> [Problem to solve]:
Show each line from the listing that includes the word "bool".
>>>
text \<open>Points of the sample space are vectors x = (x_1,...,x_q) represented as
  functions nat \<Rightarrow> real (coordinates 1..q are the relevant ones).\<close>

definition lift :: "nat \<Rightarrow> (real \<Rightarrow> real) \<Rightarrow> (nat \<Rightarrow> real) \<Rightarrow> real" where
  "lift j h = (\<lambda>x. h (x j))"

definition L2sq :: "(nat \<Rightarrow> real) measure \<Rightarrow> ((nat \<Rightarrow> real) \<Rightarrow> real) \<Rightarrow> real" where
  "L2sq P g = (LINT x|P. (g x)\<^sup>2)"

definition inn :: "(nat \<Rightarrow> real) measure \<Rightarrow> ((nat \<Rightarrow> real) \<Rightarrow> real) \<Rightarrow> ((nat \<Rightarrow> real) \<Rightarrow> real) \<Rightarrow> real" where
  "inn P g h = (LINT x|P. g x * h x)"

definition Hsp :: "(nat \<Rightarrow> real) measure \<Rightarrow> nat \<Rightarrow> nat \<Rightarrow> ((nat \<Rightarrow> real) \<Rightarrow> real) set" where
  "Hsp P q j = {lift j h | h. h \<in> borel_measurable borel \<and> integrable P (\<lambda>x. (h (x j))\<^sup>2)
      \<and> (j < q \<longrightarrow> (LINT x|P. h (x j)) = 0)}"

definition sumsp :: "(nat \<Rightarrow> ('a \<Rightarrow> real) set) \<Rightarrow> nat set \<Rightarrow> ('a \<Rightarrow> real) set" where
  "sumsp F J = {g. \<exists>gs. (\<forall>j\<in>J. gs j \<in> F j) \<and> g = (\<lambda>x. \<Sum>j\<in>J. gs j x)}"

text \<open>The value 0 is added to the set only to make the supremum
  well defined when no admissible pair exists (it never changes the supremum
  otherwise, since the set is symmetric under h2 \<mapsto> -h2).\<close>
definition rho :: "(nat \<Rightarrow> real) measure \<Rightarrow> nat \<Rightarrow> nat \<Rightarrow> real" where
  "rho P q qs = Sup ({inn P h1 h2 / (sqrt (L2sq P h1) * sqrt (L2sq P h2)) | J1 J2 h1 h2.
      J1 \<subseteq> {1..q} \<and> J2 \<subseteq> {1..q} \<and> J1 \<inter> J2 = {} \<and> card J1 \<le> qs \<and> card J2 \<le> qs \<and>
      h1 \<in> sumsp (Hsp P q) J1 \<and> h2 \<in> sumsp (Hsp P q) J2 \<and> L2sq P h1 > 0 \<and> L2sq P h2 > 0} \<union> {0})"

definition phi :: "nat \<Rightarrow> real \<Rightarrow> real" where
  "phi k x = (if k = 1 then 1
     else if even k then sqrt 2 * cos (2 * pi * real (k div 2) * x)
     else sqrt 2 * sin (2 * pi * real (k div 2) * x))"

definition sob :: "real \<Rightarrow> real \<Rightarrow> (real \<Rightarrow> real) set" where
  "sob \<alpha> K = {h. \<exists>\<theta> :: nat \<Rightarrow> real.
      summable (\<lambda>k. (2 * pi * real (k + 1)) powr (2 * \<alpha>) * ((\<theta> (2 * (k + 1)))\<^sup>2 + (\<theta> (2 * (k + 1) + 1))\<^sup>2))
    \<and> (\<Sum>k. (2 * pi * real (k + 1)) powr (2 * \<alpha>) * ((\<theta> (2 * (k + 1)))\<^sup>2 + (\<theta> (2 * (k + 1) + 1))\<^sup>2)) \<le> K\<^sup>2
    \<and> (\<forall>x\<in>{0..1}. (\<lambda>k. \<theta> (k + 1) * phi (k + 1) x) sums h x)}"

definition Vsp :: "(nat \<Rightarrow> real) measure \<Rightarrow> nat \<Rightarrow> nat \<Rightarrow> nat \<Rightarrow> ((nat \<Rightarrow> real) \<Rightarrow> real) set" where
  "Vsp P q j m = {g \<in> Hsp P q j. \<exists>a :: nat \<Rightarrow> real. g = (\<lambda>x. \<Sum>k=1..m. a k * phi k (x j))}"

definition is_proj :: "(nat \<Rightarrow> real) measure \<Rightarrow> ((nat \<Rightarrow> real) \<Rightarrow> real) set \<Rightarrow> ((nat \<Rightarrow> real) \<Rightarrow> real)
    \<Rightarrow> ((nat \<Rightarrow> real) \<Rightarrow> real) \<Rightarrow> bool" where
  "is_proj P V h g \<longleftrightarrow> g \<in> V \<and> (\<forall>v\<in>V. inn P (\<lambda>x. h x - g x) v = 0)"

text \<open>Sample X^1..X^n indexed by a finite type 'n with n = CARD('n).\<close>
definition emp_sq :: "('n::finite \<Rightarrow> nat \<Rightarrow> real) \<Rightarrow> ((nat \<Rightarrow> real) \<Rightarrow> real) \<Rightarrow> real" where
  "emp_sq Xs g = (\<Sum>i\<in>UNIV. (g (Xs i))\<^sup>2) / real CARD('n)"

definition svec :: "('n::finite \<Rightarrow> nat \<Rightarrow> real) \<Rightarrow> ((nat \<Rightarrow> real) \<Rightarrow> real) \<Rightarrow> real ^ 'n" where
  "svec Xs g = (\<chi> i. g (Xs i))"

definition is_vproj :: "(real ^ 'n::finite) set \<Rightarrow> real ^ 'n \<Rightarrow> real ^ 'n \<Rightarrow> bool" where
  "is_vproj S v u \<longleftrightarrow> u \<in> S \<and> (\<forall>w\<in>S. (v - u) \<bullet> w = 0)"

definition VJ :: "(nat \<Rightarrow> real) measure \<Rightarrow> nat \<Rightarrow> (nat \<Rightarrow> nat) \<Rightarrow> nat set \<Rightarrow> ((nat \<Rightarrow> real) \<Rightarrow> real) set" where
  "VJ P q m J = sumsp (\<lambda>j. Vsp P q j (m j)) J"

definition Eev :: "(nat \<Rightarrow> real) measure \<Rightarrow> nat \<Rightarrow> (nat \<Rightarrow> nat) \<Rightarrow> ('n::finite \<Rightarrow> nat \<Rightarrow> real) \<Rightarrow> real \<Rightarrow> nat set \<Rightarrow> bool" where
  "Eev P q m Xs \<delta> J \<longleftrightarrow> (\<forall>g\<in>VJ P q m J.
      (1 - \<delta>) * L2sq P g \<le> emp_sq Xs g \<and> emp_sq Xs g \<le> (1 + \<delta>) * L2sq P g)"

definition J0set :: "(nat \<Rightarrow> real) measure \<Rightarrow> nat \<Rightarrow> (nat \<Rightarrow> real \<Rightarrow> real) \<Rightarrow> nat set" where
  "J0set P q f = {j \<in> {1..q}. L2sq P (lift j (f j)) > 0}"

definition kappa :: "(nat \<Rightarrow> real) measure \<Rightarrow> nat \<Rightarrow> (nat \<Rightarrow> real \<Rightarrow> real) \<Rightarrow> real" where
  "kappa P q f = Min {L2sq P (\<lambda>x. \<Sum>j\<in>J'. f j (x j)) | J'. J' \<subseteq> J0set P q f \<and> J' \<noteq> {}}"

definition kappa_l :: "(nat \<Rightarrow> real) measure \<Rightarrow> nat \<Rightarrow> (nat \<Rightarrow> real \<Rightarrow> real) \<Rightarrow> nat \<Rightarrow> real" where
  "kappa_l P q f l = Min {L2sq P (\<lambda>x. \<Sum>j\<in>J'. f j (x j)) | J'. J' \<subseteq> J0set P q f \<and> card J' = l}"

end

theory Submission
  imports Defs
begin

text \<open>
  Let \<open>f\<^sup>* = \<Sum>\<^sub>j\<^sub>\<in>\<^sub>J\<^sub>0 \<Pi>\<^sub>V\<^sub>j f\<^sub>j\<close> and let \<open>v \<in> V\<^sub>J\<close> be the function whose sample vector is
  \<open>\<Pi>\<^sub>J f\<close>. By Pythagoras the gap \<open>\<parallel>\<Pi>\<^sub>J\<^sub>0 f\<parallel>\<^sub>n\<^sup>2 - \<parallel>\<Pi>\<^sub>J f\<parallel>\<^sub>n\<^sup>2\<close> equals
  \<open>\<parallel>f - \<Pi>\<^sub>J f\<parallel>\<^sub>n\<^sup>2 - \<parallel>f - \<Pi>\<^sub>J\<^sub>0 f\<parallel>\<^sub>n\<^sup>2\<close>, which is at least
  \<open>2/3 \<parallel>f\<^sup>* - v\<parallel>\<^sub>n\<^sup>2 - 3 \<parallel>f - f\<^sup>*\<parallel>\<^sub>n\<^sup>2\<close>; on \<open>\<A>\<close> the second term is at most
  \<open>6c'(1 - \<rho>\<^sup>2)\<kappa>\<^sub>l\<close>. The difference \<open>f\<^sup>* - v\<close> lies in \<open>V\<^sub>J\<^sub>\<union>\<^sub>J\<^sub>0\<close>, so on \<open>\<E>\<close> its
  empirical norm dominates \<open>(1 - \<delta>)\<close> times its population norm. Its components
  outside \<open>J\<close> are the \<open>\<Pi>\<^sub>V\<^sub>j f\<^sub>j\<close>, \<open>j \<in> J\<^sub>0 - J\<close>, so the correlation bound gives
  \<open>\<parallel>f\<^sup>* - v\<parallel>\<^sup>2 \<ge> (1 - \<rho>\<^sup>2) \<parallel>\<Sum>\<^sub>j\<^sub>\<in>\<^sub>J\<^sub>0\<^sub>-\<^sub>J \<Pi>\<^sub>V\<^sub>j f\<^sub>j\<parallel>\<^sup>2\<close>. Condition (L) makes the
  approximation errors \<open>f\<^sub>j - \<Pi>\<^sub>V\<^sub>j f\<^sub>j\<close> so small that this sum has squared norm at
  least \<open>(1 - \<surd>c')\<^sup>2 \<kappa>\<^sub>l\<close>, and condition (C) turns the resulting lower bound
  into the claimed constant.
\<close>

section \<open>Square-integrable functions\<close>

definition square_integrable :: "'a measure \<Rightarrow> ('a \<Rightarrow> real) \<Rightarrow> bool" where
  "square_integrable M h \<longleftrightarrow> h \<in> borel_measurable M \<and> integrable M (\<lambda>x. (h x)\<^sup>2)"

lemma square_integrable_mult_integrable:
  assumes "square_integrable M a" "square_integrable M b"
  shows "integrable M (\<lambda>x. a x * b x)"
proof (rule Bochner_Integration.integrable_bound)
  show "integrable M (\<lambda>x. (a x)\<^sup>2 + (b x)\<^sup>2)"
    using assms by (auto simp: square_integrable_def)
  show "(\<lambda>x. a x * b x) \<in> borel_measurable M"
    using assms by (auto simp: square_integrable_def)
  have "\<bar>a x * b x\<bar> \<le> (a x)\<^sup>2 + (b x)\<^sup>2" for x
    using sum_squares_bound[of "\<bar>a x\<bar>" "\<bar>b x\<bar>"] abs_mult[of "a x" "b x"]
      mult_nonneg_nonneg[OF abs_ge_zero abs_ge_zero, of "a x" "b x"]
    by simp
  then show "AE x in M. norm (a x * b x) \<le> norm ((a x)\<^sup>2 + (b x)\<^sup>2)"
    by (intro AE_I2) simp
qed

lemma square_integrable_add:
  assumes "square_integrable M a" "square_integrable M b"
  shows "square_integrable M (\<lambda>x. a x + b x)"
proof -
  have "integrable M (\<lambda>x. (a x)\<^sup>2 + 2 * (a x * b x) + (b x)\<^sup>2)"
    using assms square_integrable_mult_integrable[OF assms]
    by (auto simp: square_integrable_def)
  moreover have "(\<lambda>x. (a x)\<^sup>2 + 2 * (a x * b x) + (b x)\<^sup>2) = (\<lambda>x. (a x + b x)\<^sup>2)"
    by (simp add: power2_sum algebra_simps)
  ultimately show ?thesis
    using assms by (auto simp: square_integrable_def)
qed

lemma square_integrable_cmult:
  "square_integrable M a \<Longrightarrow> square_integrable M (\<lambda>x. c * a x)"
  by (auto simp: square_integrable_def power_mult_distrib)

lemma square_integrable_diff:
  "square_integrable M a \<Longrightarrow> square_integrable M b \<Longrightarrow> square_integrable M (\<lambda>x. a x - b x)"
  using square_integrable_add[OF _ square_integrable_cmult, of M a b "-1"] by simp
<<<
> [Output of the exercise]:
    \<Rightarrow> ((nat \<Rightarrow> real) \<Rightarrow> real) \<Rightarrow> bool" where
definition is_vproj :: "(real ^ 'n::finite) set \<Rightarrow> real ^ 'n \<Rightarrow> real ^ 'n \<Rightarrow> bool" where
definition Eev :: "(nat \<Rightarrow> real) measure \<Rightarrow> nat \<Rightarrow> (nat \<Rightarrow> nat) \<Rightarrow> ('n::finite \<Rightarrow> nat \<Rightarrow> real) \<Rightarrow> real \<Rightarrow> nat set \<Rightarrow> bool" where
definition square_integrable :: "'a measure \<Rightarrow> ('a \<Rightarrow> real) \<Rightarrow> bool" where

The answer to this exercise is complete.